POM. I was going to ask you in that context, on whom did you rely for advice? Did you have a 'Kitchen Cabinet' as it's often called, people who wouldn't be in government, friends, confidantes?

FDK. I didn't have an organised structure 'Kitchen Cabinet' but of disciplines we would interact with advisers. For instance, the whole issue of the economic part of the Bill of Rights we worked closely with people from the private sector, from the Agricultural Union, from Business South Africa and at stages one of the very big multi-national companies would at their cost attach to our planning team a senior legal person, an advocate or whatever, to also sit in and advise on formulation and so on, so there was interaction. On education, for instance, I had very close, because it was one of the most touchy things in the negotiations, I had very many sessions with the NP's main education spokesperson, me present with the representative of the organised teachers on the Afrikaner side, Professor Koos Steyn, the late principal of Educational College who was the countrywide chairman of this teachers' organisation, with their legal representative and we would sit down and say about the issue of mother tongue education, of accommodation of language when it comes to education and interacted and actually before we said yes to a certain formulation we would try to clear it with them that they will be happy with that and that they will defend it.

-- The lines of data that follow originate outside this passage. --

(* Let $P$ be a probability measure on $(\Omega,\mathcal A)$, let $\delta\in(\tfrac12,1)$, and let $\bar{\mathbf C}_1,\bar{\mathbf C}_2\subseteq\bar{\mathcal A}$ be C-classes. If $\bar T(P,\delta)\subseteq\bar{\mathbf C}_1\cap\bar{\mathbf C}_2$, then $\bar{\mathbf C}_1\sim\bar{\mathbf C}_2$, i.e. $\bar M_{\bar{\mathbf C}_1}=\bar M_{\bar{\mathbf C}_2}$.
   Context: Let $(\Omega,\mathcal A)$ be a measurable space. For $n\ge1$, $\mathcal A^n$ is the product $\sigma$-algebra on $\Omega^n$; the extended event space is $\bar{\mathcal A}=\bigcup_{n\ge1}\mathcal A^n$, events tagged by their level $n$ (written $A^{(n)}$). For $k\ge1$, $(\Omega^n)^k$ is identified with $\Omega^{nk}$ and $(\mathcal A^n)^k$ with $\mathcal A^{nk}$. For a probability measure $P$ on $\mathcal A$, $P^n$ is its $n$-fold product, $\bar P(A^{(n)})=P^n(A^{(n)})$, and $\bar T(P,\delta)=\{A\in\bar{\mathcal A}:\bar P(A)\ge\delta\}$. For $A^{(n)}\in\mathcal A^n$, an interval $I\subseteq[0,1]$ and $k\in\mathbb N^+$, $S(A^{(n)},I,k)=\{(\omega_1,\dots,\omega_k)\in(\Omega^n)^k:\frac1k\sum_{i=1}^k\chi_{A^{(n)}}(\omega_i)\in I\}$. A class $\bar{\mathbf C}\subseteq\bar{\mathcal A}$ is a C-class if for every $n$ the component $\mathcal C^{(n)}=\bar{\mathbf C}\cap\mathcal A^n$ satisfies: $\Omega^n\in\mathcal C^{(n)}$; closed under supersets within $\mathcal A^n$; contains no two disjoint events. "$S(A,I,k)\in\bar{\mathbf C}$ definitively" means there is $k_0$ with $S(A,I,k)\in\bar{\mathbf C}$ for all $k>k_0$. The C-measure of a C-class is $\bar M_{\bar{\mathbf C}}(A)=\sup\{\sigma\in[0,1]: S(A,[\sigma,1],k)\in\bar{\mathbf C}\text{ definitively}\}$. Two C-classes are equivalent, $\bar{\mathbf C}_1\sim\bar{\mathbf C}_2$, if $\bar M_{\bar{\mathbf C}_1}=\bar M_{\bar{\mathbf C}_2}$. *)

theory Defs
  imports "HOL-Probability.Probability"
begin

text \<open>Omega^n with the product sigma-algebra, realised as the product measure over
  coordinates {..<n}.  An extended event A^(n) is a pair (n, A).\<close>

definition PowM :: "'a measure \<Rightarrow> nat \<Rightarrow> (nat \<Rightarrow> 'a) measure" where
  "PowM M n = PiM {..<n} (\<lambda>_. M)"

type_synonym 'a xevent = "nat \<times> (nat \<Rightarrow> 'a) set"

definition ext_events :: "'a measure \<Rightarrow> 'a xevent set" where
  "ext_events M = {(n, A). n \<ge> 1 \<and> A \<in> sets (PowM M n)}"

definition barP :: "'a measure \<Rightarrow> 'a xevent \<Rightarrow> real" where
  "barP M E = measure (PowM M (fst E)) (snd E)"

definition barT :: "'a measure \<Rightarrow> real \<Rightarrow> 'a xevent set" where
  "barT M \<delta> = {E \<in> ext_events M. barP M E \<ge> \<delta>}"

definition block :: "nat \<Rightarrow> nat \<Rightarrow> (nat \<Rightarrow> 'a) \<Rightarrow> (nat \<Rightarrow> 'a)" where
  "block n i \<omega> = (\<lambda>j\<in>{..<n}. \<omega> (i * n + j))"

definition Sfreq :: "'a measure \<Rightarrow> 'a xevent \<Rightarrow> real set \<Rightarrow> nat \<Rightarrow> 'a xevent" where
  "Sfreq M E I k = (fst E * k,
     {\<omega> \<in> space (PowM M (fst E * k)).
        (1 / real k) * (\<Sum>i<k. indicator (snd E) (block (fst E) i \<omega>)) \<in> I})"

definition C_class :: "'a measure \<Rightarrow> 'a xevent set \<Rightarrow> bool" where
  "C_class M C \<longleftrightarrow> C \<subseteq> ext_events M \<and>
     (\<forall>n\<ge>1. (n, space (PowM M n)) \<in> C
        \<and> (\<forall>A B. (n, A) \<in> C \<and> B \<in> sets (PowM M n) \<and> A \<subseteq> B \<longrightarrow> (n, B) \<in> C)
        \<and> (\<forall>A B. (n, A) \<in> C \<and> (n, B) \<in> C \<longrightarrow> A \<inter> B \<noteq> {}))"

definition C_measure :: "'a measure \<Rightarrow> 'a xevent set \<Rightarrow> 'a xevent \<Rightarrow> real" where
  "C_measure M C E = Sup {\<sigma> \<in> {0..1}. \<exists>k0. \<forall>k>k0. Sfreq M E {\<sigma>..1} k \<in> C}"

definition C_equiv :: "'a measure \<Rightarrow> 'a xevent set \<Rightarrow> 'a xevent set \<Rightarrow> bool" where
  "C_equiv M C1 C2 \<longleftrightarrow> (\<forall>E \<in> ext_events M. C_measure M C1 E = C_measure M C2 E)"

end

theory Submission
  imports Defs
begin

text \<open>The \<open>k\<close> blocks of a point of \<open>\<Omega>\<^sup>n\<^sup>k\<close> are independent with law \<open>P\<^sup>n\<close>, so by
  Hoeffding's inequality the block frequency of an event \<open>A\<close> of level \<open>n\<close> concentrates at
  \<open>p = P\<^sup>n(A)\<close>. Hence for \<open>\<sigma> < p\<close> the event \<open>S(A, [\<sigma>,1], k)\<close>, and for \<open>\<sigma> > p\<close> the disjoint
  event "frequency below \<open>\<sigma>\<close>", eventually has probability at least \<open>\<delta>\<close> and so lies in any
  C-class containing \<open>T(P,\<delta>)\<close>. As a C-class contains no two disjoint events, the C-measure of
  every such class is \<open>barP\<close> itself.\<close>

lemma prob_space_PowM: "prob_space M \<Longrightarrow> prob_space (PowM M n)"
  unfolding PowM_def by (rule prob_space_PiM) auto

lemma indep_vars_PiM_components:
  assumes M: "prob_space M" and I: "I \<noteq> {}"
  shows "prob_space.indep_vars (PiM I (\<lambda>_. M)) (\<lambda>_. M) (\<lambda>j \<omega>. \<omega> j) I"
proof -
  interpret N: prob_space "PiM I (\<lambda>_. M)" by (rule prob_space_PiM) (use M in auto)
  have "distr (PiM I (\<lambda>_. M)) M (\<lambda>\<omega>. \<omega> j) = M" if "j \<in> I" for j
    using distr_PiM_component[of I "\<lambda>_. M" j] M that by auto
  then have "PiM I (\<lambda>j. distr (PiM I (\<lambda>_. M)) M (\<lambda>\<omega>. \<omega> j)) = PiM I (\<lambda>_. M)"
    by (intro PiM_cong) auto
  moreover have "distr (PiM I (\<lambda>_. M)) (PiM I (\<lambda>_. M)) (\<lambda>\<omega>. \<lambda>j\<in>I. \<omega> j) = PiM I (\<lambda>_. M)"
    by (subst distr_cong[where g = "\<lambda>\<omega>. \<omega>"])
       (auto simp: space_PiM PiE_def extensional_restrict)
  ultimately show ?thesis
    by (subst N.indep_vars_iff_distr_eq_PiM'[OF I]) auto
qed

lemma block_end_le:
  fixes i k n :: nat
  assumes "i < k" shows "i * n + n \<le> k * n"
  using mult_le_mono1[OF Suc_leI[OF assms], of n] by (simp add: add.commute)

lemma block_index_less:
  fixes i j k n :: nat
  assumes "i < k" "j < n" shows "i * n + j < n * k"
  using block_end_le[OF assms(1), of n] assms(2) by (simp add: mult.commute)

lemma measurable_block:
  assumes "i < k"
  shows "block n i \<in> measurable (PowM M (n * k)) (PowM M n)"
  unfolding block_def PowM_def
  by (intro measurable_restrict measurable_component_singleton)
     (auto intro: block_index_less[OF assms])

lemma distr_block:
  assumes M: "prob_space M" and "i < k"
  shows "distr (PowM M (n * k)) (PowM M n) (block n i) = PowM M n"
proof -
  have "(\<lambda>j. i * n + j) \<in> {..<n} \<rightarrow> {..<n * k}" "inj_on (\<lambda>j. i * n + j) {..<n}"
    using block_index_less[OF \<open>i < k\<close>] by (auto simp: inj_on_def)
  then show ?thesis
    unfolding PowM_def block_def
    using distr_PiM_reindex[of "{..<n * k}" "\<lambda>_. M" "\<lambda>j. i * n + j" "{..<n}"] M by auto
qed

POM. So you would maintain that contrary to what critics say, you and your team were constantly strategising and weighing alternatives and evaluating and monitoring and even down to the detail of weighing what the priorities were and what weight should be put upon each priority?

FDK. Yes. I think ex post facto criticism stems from a few factors such as disillusionment, such as non-recognition of the restrictions that you have in such a negotiating process. Built into real negotiation it is inevitable that the power base sends the negotiator, and in a sense the leader, into a situation with a mandate. The other party sitting across the table is in the same position. Its power base also sends the negotiator in with a mandate. The two mandates are in conflict. Both negotiators or negotiating teams have to go back to their power base and report, "I couldn't get everything you wanted me to get. In order to get A, B and CI had to make concessions on D, E and F." In the end the final test, I believe, for successful negotiations is that nobody is really 100% happy because if one of the main parties finds themselves 100% happy it means that the other party has really lost. If you interview in depth ANC people you will find that there are many aspects with which they are disillusioned, which they don't like and with which they are unhappy. Surely, yes, I deal with this also in my autobiography, the whole accusation that we made too many concessions, that we were ineffective in the negotiations.

POM. I suppose I would put the criticism in the context of the ANC or Mandela knew from the beginning what it wanted, majority rule, and for majority rule it would make concessions on just about anything. Their test was: does this advance or does this retard movement towards majority rule? If it advanced it, go ahead with it, if it deters it, don't accept it.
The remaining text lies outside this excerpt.